[Records for processing]

(* Assume (A) and (N) hold and $\omega_A<0$. For $t\ge0$, $\omega\in\Omega$ and $\xi\in H_0$ define $$\phi^t_\omega(\xi):=T_0(t)\xi-S_A'(t)Y_\omega(0)+Y_{\theta_t\omega}(0).$$ Then $\phi:\mathbb{R}^+\times\Omega\times H_0\to H_0$ is a random dynamical system over $(\Omega,\mathcal{F},\mathbb{P},(\theta_t))$; in particular $\phi^{t+s}_\omega(\xi)=\phi^s_{\theta_t\omega}\circ\phi^t_\omega(\xi)$ for all $\xi\in H_0$, $t,s\ge0$ and $\omega$.
   Context: Let $H$ be a separable Hilbert space and $A:D(A)\subset H\to H$ a linear operator with $H_0:=\overline{D(A)}\neq H$. The part of $A$ in $H_0$ is $A_0y:=Ay$ on $D(A_0):=\{y\in D(A):Ay\in H_0\}$. Assumption (A): (a) $A_0$ is sectorial on $H_0$, i.e. there are $\bar\omega\in\mathbb{R}$, $\vartheta\in(\pi/2,\pi)$, $\bar M>0$ with $\rho(A_0)\supset S_\vartheta:=\{z\in\mathbb{C}\setminus\{\bar\omega\}:|\arg(z-\bar\omega)|\le\vartheta\}$ and $\|(\lambda-A_0)^{-1}\|\le\bar M/|\lambda-\bar\omega|$ for $\lambda\in S_\vartheta$; (b) there exist $\omega_A\in\mathbb{R}$ and $p^*\in[1,\infty)$ with $(\omega_A,\infty)\subset\rho(A)$ and $\limsup_{\lambda\to+\infty}\lambda^{1/p^*}\|(\lambda I-A)^{-1}\|_{\mathcal{L}(H)}<\infty$. Under (A), $A_0$ generates an analytic $C_0$-semigroup $(T_0(t))_{t\ge0}$ on $H_0$ and $A$ generates the integrated semigroup $S_A(t)=(\nu I-A_0)\int_0^tT_0(s)\,\mathrm{d}s\,(\nu I-A)^{-1}$ ($\nu>\omega_A$), differentiable in $t>0$, with $S_A'(t)x=T_0(t)x$ for $x\in H_0$. Assumption (N): $(\Omega,\mathcal{F},\mathbb{P},(\theta_t)_{t\in\mathbb{R}})$ is an ergodic metric dynamical system (each $\theta_t$ measurable and $\mathbb{P}$-preserving, $(t,\omega)\mapsto\theta_t\omega$ jointly measurable, $\theta_0=\mathrm{id}$, $\theta_{t+s}=\theta_t\circ\theta_s$, invariant sets have probability $0$ or $1$), and $W$ is a two-sided $Q$-Wiener process on $H$ ($Q$ trace class) with $W_t(\theta_s\omega)=W_{t+s}(\omega)-W_s(\omega)$. For $\omega_A<0$, $Y_\omega(t):=\int_{-\infty}^tS_A'(t-\tau)\,\mathrm{d}W(\tau)$ is an $H_0$-valued stationary process: $Y_{\theta_t\omega}(s)=Y_\omega(t+s)$ on a set of full measure. A random dynamical system (cocycle) on $H_0$ is a $(\mathcal{B}(\mathbb{R}^+)\otimes\mathcal{F}\otimes\mathcal{B}(H_0),\mathcal{B}(H_0))$-measurable map $\phi$ such that on a measurable set of full measure $\phi^0_\omega=\mathrm{id}$ and $\phi^{t+s}_\omega=\phi^s_{\theta_t\omega}\circ\phi^t_\omega$ for all $t,s\ge0$. *)

theory Defs
  imports "HOL-Analysis.Analysis" "HOL-Probability.Probability"
begin

text \<open>Linear operator A with domain DA on a (real, separable) Hilbert space.
  H0 = closure DA; the part A0 of A in H0 has domain part_dom.\<close>

definition lin_op :: "'h::real_vector set \<Rightarrow> ('h \<Rightarrow> 'h) \<Rightarrow> bool" where
  "lin_op D A \<longleftrightarrow> subspace D \<and>
     (\<forall>x\<in>D. \<forall>y\<in>D. A (x + y) = A x + A y) \<and> (\<forall>c. \<forall>x\<in>D. A (c *\<^sub>R x) = c *\<^sub>R A x)"

definition part_dom :: "'h::real_normed_vector set \<Rightarrow> ('h \<Rightarrow> 'h) \<Rightarrow> 'h set" where
  "part_dom D A = {y \<in> D. A y \<in> closure D}"

definition in_real_resolvent :: "'h::real_normed_vector set \<Rightarrow> 'h set \<Rightarrow> ('h \<Rightarrow> 'h) \<Rightarrow> real \<Rightarrow> bool" where
  "in_real_resolvent X D A lam \<longleftrightarrow>
     (\<forall>x\<in>X. \<exists>!y. y \<in> D \<and> lam *\<^sub>R y - A y = x) \<and>
     (\<exists>C. \<forall>y\<in>D. norm y \<le> C * norm (lam *\<^sub>R y - A y))"

definition resolv :: "'h::real_vector set \<Rightarrow> ('h \<Rightarrow> 'h) \<Rightarrow> real \<Rightarrow> 'h \<Rightarrow> 'h" where
  "resolv D A lam x = (THE y. y \<in> D \<and> lam *\<^sub>R y - A y = x)"

text \<open>Complex resolvent on the complexification X + iX of a real space:
  for lam = a + ib, (lam - A)(x + iy) = (a x - b y - A x) + i (b x + a y - A y).
  lam in resolvent set with resolvent norm bound K.\<close>
definition cplx_res_op :: "('h::real_vector \<Rightarrow> 'h) \<Rightarrow> complex \<Rightarrow> 'h \<times> 'h \<Rightarrow> 'h \<times> 'h" where
  "cplx_res_op A lam p = (Re lam *\<^sub>R fst p - Im lam *\<^sub>R snd p - A (fst p),
                          Im lam *\<^sub>R fst p + Re lam *\<^sub>R snd p - A (snd p))"

definition cplx_norm :: "'h::real_normed_vector \<times> 'h \<Rightarrow> real" where
  "cplx_norm p = sqrt ((norm (fst p))\<^sup>2 + (norm (snd p))\<^sup>2)"

definition cplx_resolvent_bound ::
  "'h::real_normed_vector set \<Rightarrow> 'h set \<Rightarrow> ('h \<Rightarrow> 'h) \<Rightarrow> complex \<Rightarrow> real \<Rightarrow> bool" where
  "cplx_resolvent_bound X D A lam K \<longleftrightarrow>
     (\<forall>q\<in>X \<times> X. \<exists>!p. p \<in> D \<times> D \<and> cplx_res_op A lam p = q) \<and>
     (\<forall>p\<in>D \<times> D. cplx_norm p \<le> K * cplx_norm (cplx_res_op A lam p))"

definition sector :: "real \<Rightarrow> real \<Rightarrow> complex set" where
  "sector w th = {z. z \<noteq> complex_of_real w \<and> \<bar>Arg (z - complex_of_real w)\<bar> \<le> th}"

definition sectorial :: "'h::real_normed_vector set \<Rightarrow> 'h set \<Rightarrow> ('h \<Rightarrow> 'h) \<Rightarrow> bool" where
  "sectorial X D A \<longleftrightarrow> (\<exists>w th M. pi/2 < th \<and> th < pi \<and> M > 0 \<and>
      (\<forall>lam\<in>sector w th. cplx_resolvent_bound X D A lam (M / cmod (lam - complex_of_real w))))"

definition assumption_A :: "'h::real_normed_vector set \<Rightarrow> ('h \<Rightarrow> 'h) \<Rightarrow> real \<Rightarrow> bool" where
  "assumption_A D A omegaA \<longleftrightarrow>
     sectorial (closure D) (part_dom D A) A \<and>
     (\<forall>lam>omegaA. in_real_resolvent UNIV D A lam) \<and>
     (\<exists>p\<ge>1. \<exists>C lam0. \<forall>lam\<ge>lam0. \<forall>x.
         lam powr (1 / p) * norm (resolv D A lam x) \<le> C * norm x)"

definition C0_semigroup_generated ::
  "'h::real_normed_vector set \<Rightarrow> 'h set \<Rightarrow> ('h \<Rightarrow> 'h) \<Rightarrow> (real \<Rightarrow> 'h \<Rightarrow> 'h) \<Rightarrow> bool" where
  "C0_semigroup_generated X D0 A0 T \<longleftrightarrow>
     (\<forall>t\<ge>0. T t ` X \<subseteq> X \<and>
        (\<forall>x\<in>X. \<forall>y\<in>X. T t (x + y) = T t x + T t y) \<and>
        (\<forall>c. \<forall>x\<in>X. T t (c *\<^sub>R x) = c *\<^sub>R T t x) \<and>
        (\<exists>C. \<forall>x\<in>X. norm (T t x) \<le> C * norm x)) \<and>
     (\<forall>x\<in>X. T 0 x = x) \<and>
     (\<forall>t\<ge>0. \<forall>s\<ge>0. \<forall>x\<in>X. T (t + s) x = T t (T s x)) \<and>
     (\<forall>x\<in>X. continuous_on {0..} (\<lambda>t. T t x)) \<and>
     (\<forall>x. x \<in> D0 \<longleftrightarrow> x \<in> X \<and> (\<exists>l. ((\<lambda>h. (1 / h) *\<^sub>R (T h x - x)) \<longlongrightarrow> l) (at_right 0))) \<and>
     (\<forall>x\<in>D0. ((\<lambda>h. (1 / h) *\<^sub>R (T h x - x)) \<longlongrightarrow> A0 x) (at_right 0))"

definition integrated_sg ::
  "'h::real_normed_vector set \<Rightarrow> ('h \<Rightarrow> 'h) \<Rightarrow> (real \<Rightarrow> 'h \<Rightarrow> 'h) \<Rightarrow> real \<Rightarrow> real \<Rightarrow> 'h \<Rightarrow> 'h" where
  "integrated_sg D A T nu t x =
     (let z = integral {0..t} (\<lambda>s. T s (resolv D A nu x)) in nu *\<^sub>R z - A z)"

definition integrated_sg_deriv ::
  "'h::real_normed_vector set \<Rightarrow> ('h \<Rightarrow> 'h) \<Rightarrow> (real \<Rightarrow> 'h \<Rightarrow> 'h) \<Rightarrow> real \<Rightarrow> real \<Rightarrow> 'h \<Rightarrow> 'h" where
  "integrated_sg_deriv D A T nu t x =
     vector_derivative (\<lambda>\<tau>. integrated_sg D A T nu \<tau> x) (at t within {0..})"

definition ergodic_mds :: "'w measure \<Rightarrow> (real \<Rightarrow> 'w \<Rightarrow> 'w) \<Rightarrow> bool" where
  "ergodic_mds M \<theta> \<longleftrightarrow> prob_space M \<and>
     (\<forall>t. \<theta> t \<in> M \<rightarrow>\<^sub>M M \<and> distr M M (\<theta> t) = M) \<and>
     (\<lambda>(t, w). \<theta> t w) \<in> borel \<Otimes>\<^sub>M M \<rightarrow>\<^sub>M M \<and>
     (\<forall>w\<in>space M. \<theta> 0 w = w) \<and>
     (\<forall>t s. \<forall>w\<in>space M. \<theta> (t + s) w = \<theta> t (\<theta> s w)) \<and>
     (\<forall>B\<in>sets M. (\<forall>t. \<theta> t -` B \<inter> space M = B) \<longrightarrow>
         measure M B = 0 \<or> measure M B = 1)"

definition rds :: "'w measure \<Rightarrow> (real \<Rightarrow> 'w \<Rightarrow> 'w) \<Rightarrow> 'h::topological_space set
                    \<Rightarrow> (real \<Rightarrow> 'w \<Rightarrow> 'h \<Rightarrow> 'h) \<Rightarrow> bool" where
  "rds M \<theta> X \<phi> \<longleftrightarrow>
     (\<lambda>(t, w, x). \<phi> t w x) \<in> restrict_space borel {0..} \<Otimes>\<^sub>M (M \<Otimes>\<^sub>M restrict_space borel X)
        \<rightarrow>\<^sub>M restrict_space borel X \<and>
     (\<exists>\<Omega>'\<in>sets M. emeasure M \<Omega>' = emeasure M (space M) \<and>
        (\<forall>w\<in>\<Omega>'. (\<forall>x\<in>X. \<phi> 0 w x = x) \<and>
           (\<forall>t\<ge>0. \<forall>s\<ge>0. \<forall>x\<in>X. \<phi> (t + s) w x = \<phi> s (\<theta> t w) (\<phi> t w x))))"

end

theory Submission
  imports Defs
begin

text \<open>Let \<open>P u \<tau>\<close> be the orbit integral of \<open>T0(r) u\<close> over \<open>[0, \<tau>]\<close>. For \<open>u \<in> H0\<close> it lies
  in the domain of the part \<open>A0\<close> of \<open>A\<close> with \<open>A (P u \<tau>) = T0(\<tau>) u - u\<close>, and for \<open>y\<close> in that
  domain \<open>T0(\<tau>) y - y = P (A y) \<tau>\<close>. Writing \<open>x \<in> H0\<close> as \<open>\<nu> y - A y\<close> with \<open>y \<in> D\<close>, these
  turn \<open>S(\<tau>) x = \<nu> P y \<tau> - A (P y \<tau>)\<close> into \<open>P x \<tau>\<close>, so \<open>S'(t) x = T0(t) x\<close>. Hence
  \<open>\<phi> t \<omega> \<xi> = T0(t) \<xi> - T0(t) (Y \<omega> 0) + Y (\<theta> t \<omega>) 0\<close>, and the cocycle identity is the
  semigroup law combined with \<open>\<theta> (t + s) = \<theta> s \<circ> \<theta> t\<close>. It holds for every \<open>\<omega>\<close>. Joint measurability
  follows from the separate continuity of \<open>(t, \<xi>) \<mapsto> T0(t) \<xi>\<close>.

  Each \<open>T0(t)\<close> is only known to be bounded individually, with no bound uniform on compact
  time intervals, so orbits \<open>t \<mapsto> T0(t) y\<close> are differentiated from the right only, and
  identities between them come from a Dini-derivative monotonicity argument instead of
  the mean value theorem.\<close>

section \<open>Right derivatives\<close>

lemma has_vector_derivative_at_right_iff:
  fixes g :: "real \<Rightarrow> 'a::real_normed_vector"
  shows "(g has_vector_derivative g') (at_right \<tau>) \<longleftrightarrow>
    ((\<lambda>h. (1 / h) *\<^sub>R (g (\<tau> + h) - g \<tau>)) \<longlongrightarrow> g') (at_right 0)"
proof -
  have "eventually (\<lambda>y. (1 / norm (y - \<tau>)) *\<^sub>R (g y - (g \<tau> + (y - \<tau>) *\<^sub>R g')) =
      (1 / (y - \<tau>)) *\<^sub>R (g y - g \<tau>) - g') (at_right \<tau>)"
    by (rule eventually_at_rightI[of \<tau> "\<tau> + 1"]) (auto simp: scaleR_diff_right scaleR_add_right)
  then have "(g has_vector_derivative g') (at_right \<tau>) \<longleftrightarrow>
      ((\<lambda>y. (1 / (y - \<tau>)) *\<^sub>R (g y - g \<tau>)) \<longlongrightarrow> g') (at_right \<tau>)"
    unfolding has_vector_derivative_def has_derivative_within
    by (simp add: bounded_linear_scaleR_left tendsto_cong Lim_null[symmetric])
  also have "\<dots> \<longleftrightarrow> ((\<lambda>h. (1 / h) *\<^sub>R (g (\<tau> + h) - g \<tau>)) \<longlongrightarrow> g') (at_right 0)"
    by (simp add: at_right_to_0[of \<tau>] filterlim_filtermap add.commute)
  finally show ?thesis .
qed

lemma has_vector_derivative_at_right_estimate:
  fixes g :: "real \<Rightarrow> 'a::real_normed_vector"
  assumes "(g has_vector_derivative g') (at_right \<tau>)" and "e > 0"
  shows "eventually (\<lambda>x. norm (g x - g \<tau> - (x - \<tau>) *\<^sub>R g') \<le> e * (x - \<tau>)) (at_right \<tau>)"
proof -
  obtain d where "d > 0" and d: "\<And>y. y > \<tau> \<Longrightarrow> norm (y - \<tau>) < d \<Longrightarrow>
      norm (g y - g \<tau> - (y - \<tau>) *\<^sub>R g') \<le> e * norm (y - \<tau>)"
    using assms unfolding has_vector_derivative_def has_derivative_within_alt by force
  then show ?thesis
    by (intro eventually_at_rightI[of \<tau> "\<tau> + d"]) (auto dest: d)
qed

lemma has_vector_derivative_at_right_if_within:
  assumes "(g has_vector_derivative g') (at \<tau> within {a..b})" and "a \<le> \<tau>" "\<tau> < b"
  shows "(g has_vector_derivative g') (at_right \<tau>)"
  using has_vector_derivative_within_subset[OF assms(1), of "{\<tau>..b}"] assms(2,3)
  by (simp add: at_within_Icc_at_right)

[/Records for processing]

__Activity__
In the listing above, locate the line containing "lam in resolvent" and the line containing "(Re lam *\<^sub>R". Extract those two lines and every line between them, exactly as written, and only those.

__Output for this task__
  lam in resolvent set with resolvent norm bound K.\<close>
definition cplx_res_op :: "('h::real_vector \<Rightarrow> 'h) \<Rightarrow> complex \<Rightarrow> 'h \<times> 'h \<Rightarrow> 'h \<times> 'h" where
  "cplx_res_op A lam p = (Re lam *\<^sub>R fst p - Im lam *\<^sub>R snd p - A (fst p),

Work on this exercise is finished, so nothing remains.